From: Eric Prud'hommeaux <eric@w3.org>
Date: Wed, 9 Jun 2021 13:10:28 +0200
To: Peter Patel-Schneider <pfpschneider@gmail.com>
Cc: semantic-web@w3.org
Message-ID: <20210609111028.GA6976@w3.org>
On Tue, Jun 08, 2021 at 08:21:31PM -0400, Peter Patel-Schneider wrote:
> On Tue, 2021-06-08 at 23:13 +0200, Eric Prud'hommeaux wrote:
> > On Mon, Jun 07, 2021 at 08:31:17PM -0400, Peter F. Patel-Schneider
> wrote:
> > > On Mon, 2021-06-07 at 22:49 +0200, Eric Prud'hommeaux wrote:
> > > > On Mon, Jun 07, 2021 at 03:37:44PM -0400, Peter Patel-Schneider
> > > > wrote:
> > > 
> > > [..]
> > > 
> > > > A third related to changing the meaning of JSON-LD documents by
> > > > changing the @context. This isn't related to signatures, and if
> > > > anything, signatures give you a tool to prevent that because
> you've
> > > > signed a the resulting document and if someone changes the the
> > > > @context under you, you can't verify the signature.
> > > >
> > > > Those were, afaict, the only substantial critiques. Most were of
> the
> > > > form "if you change X, the hash changes and the signature breaks"
> to
> > > > which the reply is "by design".
> > > 
> > > Remote contexts are indeed problematic for JSON-LD documents.  They
> can
> > > cause failures in both directions.  If the remote context is
> changed the
> > > deserialization of the document may change, invalidating signatures
> of
> > > documents that use the remote context.  But I believe that
> attackers can
> > > also use remote contexts to change signed JSON-LD documents in a
> way that
> > > validation by recipients will succeed but when the recipient
> deserializes
> > > the document they end up with an RDF dataset that is not isomorphic
> to the
> > > dataset signed by the originator.  I believe that this is the case
> even if
> > > the orignal signed JSON-LD document did not use remote contexts.
> > 
> > Do you agree that in order to do so, they'd have to expand the
> > document more than once, and carry the conclusion of a valid
> signature
> > over from the first expansion?
> 
> For the receiver seeing a different graph than what the sender signed
> this double expansion is needed.  However, double expansion is required
> given the algorithms in https://w3c-ccg.github.io/ld-proofs/

I see only one expansion in signing and one in verification. Together,
they total two, but any change to the context that affects the signed
triples with result in a failed verification. The only place to inject
a well-timed context change would be if either signing or verification
demanded multiple expansions.

First let's look at proof generation; the input to step 2 is a
dataset, so the input has already been turned from JSON-LD into
RDF. Here's the signature algorithm:

[[
|| 1 Create a copy of document, hereafter referred to as output. 
|| 2 Generate a canonicalized document by canonicalizing document according
||  to a canonicalization algorithm (e.g. the URDNA2015
||  [[!RDF-DATASET-NORMALIZATION]] algorithm). 

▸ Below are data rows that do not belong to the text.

(* Let $\sigma\in\Omega_L$ satisfy $N(\sigma)\le n_0(n_0+1)+1$, and let $\sigma^o$ be the configuration obtained from $\sigma$ by replacing every spin equal to $+1$ by $0$, i.e. $\sigma^o(x)=\min\{\sigma(x),0\}$. Then $\mathbb H(\sigma^o)\le\mathbb H(\sigma)$.
   Context: Fix $h\in(0,1)$ with $2/h\notin\mathbb Z$, $n_0=\lfloor 2/h\rfloor$. $\Lambda_L$ is the two-dimensional discrete torus of side $L$, with $L\ge n_0(n_0+1)+2$, and $\Omega_L=\{-1,0,1\}^{\Lambda_L}$. Hamiltonian $\mathbb H(\sigma)=\sum(\sigma(y)-\sigma(x))^2-h\sum_{x\in\Lambda_L}\sigma(x)$, the first sum over unordered nearest-neighbour pairs $\{x,y\}$. $N(\sigma)=\#\{x\in\Lambda_L:\sigma(x)\ne-1\}$. *)

theory Defs
  imports Complex_Main
begin

definition torus :: "nat \<Rightarrow> (nat \<times> nat) set" where
  "torus L = {0..<L} \<times> {0..<L}"

definition Omega :: "nat \<Rightarrow> ((nat \<times> nat) \<Rightarrow> int) set" where
  "Omega L = {\<sigma>. \<forall>x\<in>torus L. \<sigma> x \<in> {-1, 0, 1}}"

definition nn_edges :: "nat \<Rightarrow> (nat \<times> nat) set set" where
  "nn_edges L = {{x, y} | x y. x \<in> torus L \<and> y \<in> torus L \<and>
      (y = ((fst x + 1) mod L, snd x) \<or> y = (fst x, (snd x + 1) mod L))}"

text \<open>Hamiltonian: sum over unordered nn pairs {x,y} of (sigma y - sigma x)^2 minus h times magnetisation.\<close>
definition H :: "nat \<Rightarrow> real \<Rightarrow> ((nat \<times> nat) \<Rightarrow> int) \<Rightarrow> real" where
  "H L h \<sigma> = (\<Sum>e\<in>nn_edges L. (\<Sum>x\<in>e. \<Sum>y\<in>e. real_of_int ((\<sigma> y - \<sigma> x)^2)) / 2)
              - h * (\<Sum>x\<in>torus L. real_of_int (\<sigma> x))"

definition Ncount :: "nat \<Rightarrow> ((nat \<times> nat) \<Rightarrow> int) \<Rightarrow> nat" where
  "Ncount L \<sigma> = card {x \<in> torus L. \<sigma> x \<noteq> -1}"

end

theory Submission
  imports Defs
begin

text \<open>Clipping the spins +1 to 0 lowers the magnetic term by h p, where p is the number of plus
  sites, and changes every bond energy by a nonnegative amount which is at least 1 on each bond
  joining a plus site to a non-plus site. Since there are fewer than L plus sites, no line of the
  torus is full, so every row (column) meeting the plus set contains at least two such bonds: the
  bond energy drops by at least 2 (r + c), where r and c count the rows and columns met. Finally
  p \<le> r c and p \<le> (n0 + 1)^2 with h n0 \<le> 2 give (h p)^2 \<le> 9 p \<le> 16 r c \<le> (2 (r + c))^2.\<close>

definition torus_right :: "nat \<Rightarrow> nat \<times> nat \<Rightarrow> nat \<times> nat" where
  "torus_right L x = ((fst x + 1) mod L, snd x)"

definition torus_up :: "nat \<Rightarrow> nat \<times> nat \<Rightarrow> nat \<times> nat" where
  "torus_up L x = (fst x, (snd x + 1) mod L)"

definition plus_sites :: "nat \<Rightarrow> (nat \<times> nat \<Rightarrow> int) \<Rightarrow> (nat \<times> nat) set" where
  "plus_sites L \<sigma> = {x \<in> torus L. \<sigma> x = 1}"

lemma finite_torus [simp]: "finite (torus L)"
  unfolding torus_def by simp

lemma mem_torus_iff: "(a, b) \<in> torus L \<longleftrightarrow> a < L \<and> b < L"
  unfolding torus_def by simp

lemma torus_right_in_torus: "x \<in> torus L \<Longrightarrow> torus_right L x \<in> torus L"
  unfolding torus_def torus_right_def by auto

lemma torus_up_in_torus: "x \<in> torus L \<Longrightarrow> torus_up L x \<in> torus L"
  unfolding torus_def torus_up_def by auto

lemma swap_image_torus [simp]: "prod.swap ` torus L = torus L"
  unfolding torus_def by auto

lemma torus_right_swap: "torus_right L (prod.swap x) = prod.swap (torus_up L x)"
  unfolding torus_right_def torus_up_def by simp

lemma succ_mod_neq: "(a::nat) < L \<Longrightarrow> 2 \<le> L \<Longrightarrow> (a + 1) mod L \<noteq> a"
  by (cases "a + 1 < L") (auto simp: mod_if)

lemma succ_succ_mod_neq: "(a::nat) < L \<Longrightarrow> 3 \<le> L \<Longrightarrow> ((a + 1) mod L + 1) mod L \<noteq> a"
  by (cases "a + 2 < L"; cases "a + 1 < L") (auto simp: mod_if)

lemma nn_edges_eq:
  "nn_edges L = (\<lambda>x. {x, torus_right L x}) ` torus L \<union> (\<lambda>x. {x, torus_up L x}) ` torus L"
proof
  show "nn_edges L \<subseteq> (\<lambda>x. {x, torus_right L x}) ` torus L \<union> (\<lambda>x. {x, torus_up L x}) ` torus L"
    unfolding nn_edges_def torus_right_def torus_up_def by auto
  show "(\<lambda>x. {x, torus_right L x}) ` torus L \<union> (\<lambda>x. {x, torus_up L x}) ` torus L \<subseteq> nn_edges L"
    unfolding nn_edges_def
    using torus_right_in_torus torus_up_in_torus unfolding torus_right_def torus_up_def by blast
qed

lemma inj_on_right_edge:
  assumes "3 \<le> L" shows "inj_on (\<lambda>x. {x, torus_right L x}) (torus L)"
proof (rule inj_onI, rule ccontr)
  fix x y assume x: "x \<in> torus L" and "{x, torus_right L x} = {y, torus_right L y}" "x \<noteq> y"
  then have "x = torus_right L (torus_right L x)" by (auto simp: doubleton_eq_iff)
  then have "fst x = ((fst x + 1) mod L + 1) mod L" unfolding torus_right_def by (metis fst_conv)
  moreover have "fst x < L" using x by (auto simp: torus_def)
  ultimately show False using succ_succ_mod_neq[of "fst x" L] assms by simp
qed

lemma inj_on_up_edge:
  assumes "3 \<le> L" shows "inj_on (\<lambda>x. {x, torus_up L x}) (torus L)"
proof (rule inj_onI, rule ccontr)
  fix x y assume x: "x \<in> torus L" and "{x, torus_up L x} = {y, torus_up L y}" "x \<noteq> y"
  then have "x = torus_up L (torus_up L x)" by (auto simp: doubleton_eq_iff)
  then have "snd x = ((snd x + 1) mod L + 1) mod L" unfolding torus_up_def by (metis snd_conv)
  moreover have "snd x < L" using x by (auto simp: torus_def)
  ultimately show False using succ_succ_mod_neq[of "snd x" L] assms by simp
qed

lemma right_edges_disjoint_up_edges:
  assumes "3 \<le> L"
  shows "(\<lambda>x. {x, torus_right L x}) ` torus L \<inter> (\<lambda>x. {x, torus_up L x}) ` torus L = {}"
proof (rule ccontr)
  assume "\<not> ?thesis"
  then obtain x y where "x \<in> torus L" "y \<in> torus L" and e: "{x, torus_right L x} = {y, torus_up L y}"
    by blast
  then have xy: "snd x < L" "fst y < L" by (auto simp: torus_def)
  from e consider "x = y" "torus_right L x = torus_up L y" | "x = torus_up L y" "torus_right L x = y"
    by (auto simp: doubleton_eq_iff)
  then show False
  proof cases
    case 1
    then have "(snd x + 1) mod L = snd x" by (simp add: torus_right_def torus_up_def prod_eq_iff)
    with succ_mod_neq[of "snd x" L] xy assms show False by simp
  next
    case 2
    then have "(fst y + 1) mod L = fst y" by (simp add: torus_right_def torus_up_def prod_eq_iff)
    with succ_mod_neq[of "fst y" L] xy assms show False by simp
  qed
qed
theorem corollary4p9:
  fixes fa :: "'f \<Rightarrow> nat" and ra :: "'r \<Rightarrow> nat"
    and \<C> :: "('f, 'r) cstruc set" and U :: "('f, 'r) cstruc"
  assumes "fraisse_class fa ra \<C>"
    and "fraisse_limit fa ra \<C> U"
  shows "(HAP fa ra \<C> \<and> amalgamated_extension fa ra \<C>) \<longleftrightarrow>
         (\<forall>B. retract fa ra U B \<longrightarrow> (\<exists>r. uh_retraction fa ra \<C> U B r))"
proof -
  interpret fraisse_setting fa ra \<C> U using assms by unfold_locales
  show ?thesis
  proof (intro iffI allI impI)
    fix B assume HA: "HAP fa ra \<C> \<and> amalgamated_extension fa ra \<C>" and "retract fa ra U B"
    then obtain e where B: "substruc fa ra B U" and e: "hom fa ra U U e"
      "\<forall>x\<in>s_carrier U. e (e x) = e x" "e ` s_carrier U = s_carrier B"
      unfolding retract_def by blast
    interpret retract_setting fa ra \<C> U B e using HA B e by unfold_locales auto
    obtain r where "hom fa ra U B r" "\<And>D. iso_member fa ra \<C> D \<Longrightarrow> lifting_property fa ra U B r D"
      using lifting_hom_exists by blast
    then interpret lifting_setting fa ra \<C> U B r by unfold_locales
    show "\<exists>r. uh_retraction fa ra \<C> U B r" using uh_retraction_if_lifting[OF B] by blast
  next
    assume "\<forall>B. retract fa ra U B \<longrightarrow> (\<exists>r. uh_retraction fa ra \<C> U B r)"
    moreover have "retract fa ra U U"
      unfolding retract_def using substruc_refl[OF U_struc] emb_hom[OF emb_id, of fa ra U]
      by (intro conjI exI[of _ id]) auto
    ultimately obtain r where "uh_retraction fa ra \<C> U U r" by blast
    then show "HAP fa ra \<C> \<and> amalgamated_extension fa ra \<C>"
      using HAP_if_uh_retraction amalgamated_extension_if_uh_retraction by blast
  qed
qed

end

(I believe this should point to
<https://json-ld.github.io/rdf-dataset-canonicalization/spec/#canonicalization-algorithm>;
there's a broken link in the refs.)

|| 3 Create a value tbs that represents the data to be signed, and set it to the
||  result of running the Create Verify Hash Algorithm, passing the information
||  in options.

This is expanded below. It's basically:

1. canonicalize a proof graph like the second textarea in my RDF
   Siganture Example, under the heading "with proof node [] † in:"
2. concatonate the canoninicalized doc to be signed (my top textarea).
3. Use conventional crypto tools to hash and sign that concatenation.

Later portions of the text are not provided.